REQUIRED ACTION: Print the line containing "(J \<union> \<Union>NS) \<subseteq>" and each line after it to the end of the material below. Print nothing else.

PROVIDED ENTRIES:
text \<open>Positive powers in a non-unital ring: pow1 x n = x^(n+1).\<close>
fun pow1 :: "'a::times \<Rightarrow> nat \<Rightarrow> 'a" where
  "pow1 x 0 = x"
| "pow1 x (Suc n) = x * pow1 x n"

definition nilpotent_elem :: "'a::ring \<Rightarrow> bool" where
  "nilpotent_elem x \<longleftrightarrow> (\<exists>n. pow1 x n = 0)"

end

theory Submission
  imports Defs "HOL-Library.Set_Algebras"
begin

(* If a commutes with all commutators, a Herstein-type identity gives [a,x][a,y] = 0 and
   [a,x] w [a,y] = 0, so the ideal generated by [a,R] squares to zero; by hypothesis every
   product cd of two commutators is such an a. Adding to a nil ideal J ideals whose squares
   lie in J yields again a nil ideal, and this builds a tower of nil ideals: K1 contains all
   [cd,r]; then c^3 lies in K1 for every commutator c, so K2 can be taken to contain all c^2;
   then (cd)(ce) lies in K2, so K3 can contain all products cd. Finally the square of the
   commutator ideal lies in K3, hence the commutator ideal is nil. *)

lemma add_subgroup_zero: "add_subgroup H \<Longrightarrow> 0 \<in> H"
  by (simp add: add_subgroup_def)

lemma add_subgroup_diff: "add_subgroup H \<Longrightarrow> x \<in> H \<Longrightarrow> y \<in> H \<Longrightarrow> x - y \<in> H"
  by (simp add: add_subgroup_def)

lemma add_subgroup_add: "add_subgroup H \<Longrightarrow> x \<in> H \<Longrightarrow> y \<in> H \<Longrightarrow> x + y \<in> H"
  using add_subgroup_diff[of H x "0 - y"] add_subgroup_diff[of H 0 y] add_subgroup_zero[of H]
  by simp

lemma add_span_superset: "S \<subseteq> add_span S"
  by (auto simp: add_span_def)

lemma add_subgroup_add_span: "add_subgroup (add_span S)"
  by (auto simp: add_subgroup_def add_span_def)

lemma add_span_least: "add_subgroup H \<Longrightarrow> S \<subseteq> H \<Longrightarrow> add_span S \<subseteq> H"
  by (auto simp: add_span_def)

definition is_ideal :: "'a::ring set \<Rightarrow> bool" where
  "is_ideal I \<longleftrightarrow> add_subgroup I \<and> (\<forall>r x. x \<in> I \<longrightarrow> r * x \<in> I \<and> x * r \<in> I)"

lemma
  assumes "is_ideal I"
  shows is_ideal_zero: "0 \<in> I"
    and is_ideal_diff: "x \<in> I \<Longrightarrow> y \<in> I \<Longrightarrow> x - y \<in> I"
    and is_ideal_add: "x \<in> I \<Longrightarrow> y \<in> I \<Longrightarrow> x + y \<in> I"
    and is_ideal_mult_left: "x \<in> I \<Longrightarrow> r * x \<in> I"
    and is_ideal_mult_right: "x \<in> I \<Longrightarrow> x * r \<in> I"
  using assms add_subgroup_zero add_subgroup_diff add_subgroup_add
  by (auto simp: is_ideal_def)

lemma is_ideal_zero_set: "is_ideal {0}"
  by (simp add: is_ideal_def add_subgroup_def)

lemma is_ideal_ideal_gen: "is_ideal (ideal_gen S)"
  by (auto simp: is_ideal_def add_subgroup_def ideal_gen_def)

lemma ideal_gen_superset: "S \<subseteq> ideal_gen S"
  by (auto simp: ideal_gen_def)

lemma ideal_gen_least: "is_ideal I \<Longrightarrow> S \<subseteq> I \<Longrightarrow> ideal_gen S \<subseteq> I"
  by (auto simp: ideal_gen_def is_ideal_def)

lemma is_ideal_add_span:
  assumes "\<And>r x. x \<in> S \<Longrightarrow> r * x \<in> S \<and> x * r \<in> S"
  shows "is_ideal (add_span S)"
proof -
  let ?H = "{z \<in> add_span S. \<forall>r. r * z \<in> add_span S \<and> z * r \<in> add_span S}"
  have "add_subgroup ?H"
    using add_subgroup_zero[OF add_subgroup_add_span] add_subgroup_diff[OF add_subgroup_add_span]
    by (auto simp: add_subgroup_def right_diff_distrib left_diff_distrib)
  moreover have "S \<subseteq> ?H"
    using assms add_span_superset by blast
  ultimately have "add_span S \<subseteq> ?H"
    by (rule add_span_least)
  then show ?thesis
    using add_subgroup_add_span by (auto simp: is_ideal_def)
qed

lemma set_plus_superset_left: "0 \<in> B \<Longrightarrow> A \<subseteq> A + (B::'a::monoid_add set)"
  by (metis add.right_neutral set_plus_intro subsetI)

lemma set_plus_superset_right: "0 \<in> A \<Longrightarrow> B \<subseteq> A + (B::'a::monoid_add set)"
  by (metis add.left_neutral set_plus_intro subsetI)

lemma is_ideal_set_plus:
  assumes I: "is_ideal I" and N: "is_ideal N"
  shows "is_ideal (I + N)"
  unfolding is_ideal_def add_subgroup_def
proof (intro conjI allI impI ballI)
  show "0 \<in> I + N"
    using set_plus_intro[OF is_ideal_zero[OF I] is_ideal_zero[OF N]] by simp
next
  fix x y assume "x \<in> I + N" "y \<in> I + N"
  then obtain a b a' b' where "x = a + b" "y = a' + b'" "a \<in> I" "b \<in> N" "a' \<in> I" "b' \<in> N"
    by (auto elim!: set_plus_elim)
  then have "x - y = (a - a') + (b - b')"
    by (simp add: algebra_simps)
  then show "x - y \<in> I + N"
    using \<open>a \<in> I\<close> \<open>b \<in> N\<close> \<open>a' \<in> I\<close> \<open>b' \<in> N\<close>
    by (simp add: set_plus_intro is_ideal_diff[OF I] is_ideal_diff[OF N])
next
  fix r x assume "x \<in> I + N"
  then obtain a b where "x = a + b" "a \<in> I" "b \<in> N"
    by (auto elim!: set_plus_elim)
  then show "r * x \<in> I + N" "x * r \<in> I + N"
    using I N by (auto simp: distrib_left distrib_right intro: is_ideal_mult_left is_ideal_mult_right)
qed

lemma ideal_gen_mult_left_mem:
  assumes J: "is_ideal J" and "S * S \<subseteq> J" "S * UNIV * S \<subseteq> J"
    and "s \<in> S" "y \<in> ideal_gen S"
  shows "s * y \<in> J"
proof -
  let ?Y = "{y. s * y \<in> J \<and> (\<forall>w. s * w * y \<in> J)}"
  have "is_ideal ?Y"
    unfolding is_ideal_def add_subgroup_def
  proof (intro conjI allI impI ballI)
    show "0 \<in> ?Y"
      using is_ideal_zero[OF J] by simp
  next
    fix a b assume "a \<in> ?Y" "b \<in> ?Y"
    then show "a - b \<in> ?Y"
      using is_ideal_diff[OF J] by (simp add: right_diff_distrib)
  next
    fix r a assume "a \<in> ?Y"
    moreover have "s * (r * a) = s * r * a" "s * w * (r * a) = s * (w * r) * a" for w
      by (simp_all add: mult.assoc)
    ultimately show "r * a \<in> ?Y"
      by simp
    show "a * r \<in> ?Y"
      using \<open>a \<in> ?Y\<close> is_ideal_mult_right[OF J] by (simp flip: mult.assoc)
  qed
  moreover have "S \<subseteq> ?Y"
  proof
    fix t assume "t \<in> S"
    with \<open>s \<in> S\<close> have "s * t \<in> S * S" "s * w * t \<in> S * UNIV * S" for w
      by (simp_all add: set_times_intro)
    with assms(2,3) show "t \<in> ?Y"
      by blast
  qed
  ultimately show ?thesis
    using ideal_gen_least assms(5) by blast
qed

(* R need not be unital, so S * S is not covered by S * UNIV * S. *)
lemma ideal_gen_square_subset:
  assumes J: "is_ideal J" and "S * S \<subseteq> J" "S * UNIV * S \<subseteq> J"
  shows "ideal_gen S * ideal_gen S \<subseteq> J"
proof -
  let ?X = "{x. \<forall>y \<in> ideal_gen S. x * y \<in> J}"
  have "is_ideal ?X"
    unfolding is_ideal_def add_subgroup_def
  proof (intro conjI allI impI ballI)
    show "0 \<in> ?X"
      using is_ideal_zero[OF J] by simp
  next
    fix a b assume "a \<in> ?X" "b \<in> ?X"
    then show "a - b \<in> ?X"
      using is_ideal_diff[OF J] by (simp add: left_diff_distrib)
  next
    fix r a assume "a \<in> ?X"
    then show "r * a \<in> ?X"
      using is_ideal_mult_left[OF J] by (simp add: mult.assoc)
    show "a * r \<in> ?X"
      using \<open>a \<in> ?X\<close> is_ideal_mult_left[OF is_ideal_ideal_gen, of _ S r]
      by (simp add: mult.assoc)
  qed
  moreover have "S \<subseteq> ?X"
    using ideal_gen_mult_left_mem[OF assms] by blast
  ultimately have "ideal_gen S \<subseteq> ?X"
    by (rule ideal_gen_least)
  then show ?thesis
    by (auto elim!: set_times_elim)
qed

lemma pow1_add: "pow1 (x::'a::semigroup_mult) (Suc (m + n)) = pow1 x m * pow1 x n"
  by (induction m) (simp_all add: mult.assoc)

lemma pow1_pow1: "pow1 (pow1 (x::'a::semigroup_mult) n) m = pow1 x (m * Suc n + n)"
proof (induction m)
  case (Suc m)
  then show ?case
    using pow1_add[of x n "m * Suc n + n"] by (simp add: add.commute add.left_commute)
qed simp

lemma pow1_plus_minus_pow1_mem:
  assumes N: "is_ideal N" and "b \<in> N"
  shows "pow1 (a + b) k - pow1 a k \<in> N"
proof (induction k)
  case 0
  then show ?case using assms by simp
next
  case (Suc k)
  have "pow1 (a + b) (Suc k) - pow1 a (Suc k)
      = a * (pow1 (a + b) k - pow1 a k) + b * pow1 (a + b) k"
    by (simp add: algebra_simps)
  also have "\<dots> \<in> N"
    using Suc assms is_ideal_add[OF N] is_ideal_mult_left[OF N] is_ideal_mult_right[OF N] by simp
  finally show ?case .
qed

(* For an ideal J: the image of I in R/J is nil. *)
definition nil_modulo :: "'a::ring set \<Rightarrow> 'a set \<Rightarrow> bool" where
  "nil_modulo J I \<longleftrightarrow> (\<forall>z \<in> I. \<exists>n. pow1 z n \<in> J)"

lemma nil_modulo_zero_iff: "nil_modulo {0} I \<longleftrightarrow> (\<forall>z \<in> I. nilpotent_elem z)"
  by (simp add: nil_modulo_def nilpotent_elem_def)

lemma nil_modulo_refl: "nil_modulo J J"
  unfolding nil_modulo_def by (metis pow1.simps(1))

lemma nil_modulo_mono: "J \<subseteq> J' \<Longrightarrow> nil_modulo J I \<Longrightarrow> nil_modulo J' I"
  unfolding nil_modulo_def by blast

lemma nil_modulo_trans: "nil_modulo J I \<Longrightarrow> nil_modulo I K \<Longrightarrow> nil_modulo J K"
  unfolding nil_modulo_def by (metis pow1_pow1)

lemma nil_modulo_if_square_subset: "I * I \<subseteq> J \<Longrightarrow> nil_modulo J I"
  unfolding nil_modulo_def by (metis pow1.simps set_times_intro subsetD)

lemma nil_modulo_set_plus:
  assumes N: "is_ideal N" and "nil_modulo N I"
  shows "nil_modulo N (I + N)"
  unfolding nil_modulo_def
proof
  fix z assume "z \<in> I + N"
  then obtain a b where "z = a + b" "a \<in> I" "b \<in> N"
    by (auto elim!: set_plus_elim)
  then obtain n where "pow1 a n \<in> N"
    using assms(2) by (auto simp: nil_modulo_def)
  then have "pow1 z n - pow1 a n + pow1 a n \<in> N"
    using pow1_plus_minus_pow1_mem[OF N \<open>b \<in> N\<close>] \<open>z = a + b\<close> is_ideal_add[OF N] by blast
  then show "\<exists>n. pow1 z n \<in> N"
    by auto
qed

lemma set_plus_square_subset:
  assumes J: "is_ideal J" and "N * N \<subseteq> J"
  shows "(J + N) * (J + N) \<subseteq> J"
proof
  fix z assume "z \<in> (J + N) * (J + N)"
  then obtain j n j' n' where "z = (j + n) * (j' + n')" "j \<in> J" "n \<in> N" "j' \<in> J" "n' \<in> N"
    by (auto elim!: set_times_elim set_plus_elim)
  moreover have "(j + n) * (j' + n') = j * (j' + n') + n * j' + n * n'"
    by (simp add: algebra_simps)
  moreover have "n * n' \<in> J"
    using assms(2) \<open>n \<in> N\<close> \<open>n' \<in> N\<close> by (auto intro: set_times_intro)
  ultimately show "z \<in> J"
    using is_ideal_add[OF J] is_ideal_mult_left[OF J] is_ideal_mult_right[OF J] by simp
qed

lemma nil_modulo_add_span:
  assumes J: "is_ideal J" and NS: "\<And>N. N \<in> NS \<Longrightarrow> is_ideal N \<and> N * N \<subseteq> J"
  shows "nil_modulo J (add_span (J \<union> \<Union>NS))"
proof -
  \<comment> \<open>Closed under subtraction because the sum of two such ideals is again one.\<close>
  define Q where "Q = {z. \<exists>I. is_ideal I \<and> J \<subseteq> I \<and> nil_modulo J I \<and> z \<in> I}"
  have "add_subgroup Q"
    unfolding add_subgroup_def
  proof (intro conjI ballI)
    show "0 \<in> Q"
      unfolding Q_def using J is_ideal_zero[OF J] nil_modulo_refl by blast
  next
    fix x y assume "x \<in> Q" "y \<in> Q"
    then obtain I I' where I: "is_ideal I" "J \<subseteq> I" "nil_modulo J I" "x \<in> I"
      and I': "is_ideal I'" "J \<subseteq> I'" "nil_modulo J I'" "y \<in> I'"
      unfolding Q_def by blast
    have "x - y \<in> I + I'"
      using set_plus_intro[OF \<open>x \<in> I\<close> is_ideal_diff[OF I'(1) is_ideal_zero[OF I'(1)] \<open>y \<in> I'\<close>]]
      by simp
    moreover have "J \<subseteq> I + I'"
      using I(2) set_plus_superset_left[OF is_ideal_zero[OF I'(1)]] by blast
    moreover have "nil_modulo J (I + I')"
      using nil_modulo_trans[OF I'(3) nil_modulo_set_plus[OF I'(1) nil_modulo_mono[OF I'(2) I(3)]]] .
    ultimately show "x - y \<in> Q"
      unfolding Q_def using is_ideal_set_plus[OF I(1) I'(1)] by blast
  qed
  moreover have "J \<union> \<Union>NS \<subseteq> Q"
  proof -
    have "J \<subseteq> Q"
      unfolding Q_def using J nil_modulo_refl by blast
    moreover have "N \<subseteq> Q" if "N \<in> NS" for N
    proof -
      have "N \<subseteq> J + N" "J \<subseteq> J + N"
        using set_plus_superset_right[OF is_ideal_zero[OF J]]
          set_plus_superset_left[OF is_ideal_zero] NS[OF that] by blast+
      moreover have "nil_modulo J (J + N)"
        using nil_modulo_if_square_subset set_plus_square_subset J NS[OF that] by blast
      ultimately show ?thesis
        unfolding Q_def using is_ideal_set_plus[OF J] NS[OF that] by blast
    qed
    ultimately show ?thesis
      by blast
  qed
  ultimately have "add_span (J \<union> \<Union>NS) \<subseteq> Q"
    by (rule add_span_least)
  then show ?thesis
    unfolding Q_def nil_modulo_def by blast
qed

ANSWER BOX:
  ultimately have "add_span (J \<union> \<Union>NS) \<subseteq> Q"
    by (rule add_span_least)
  then show ?thesis
    unfolding Q_def nil_modulo_def by blast
qed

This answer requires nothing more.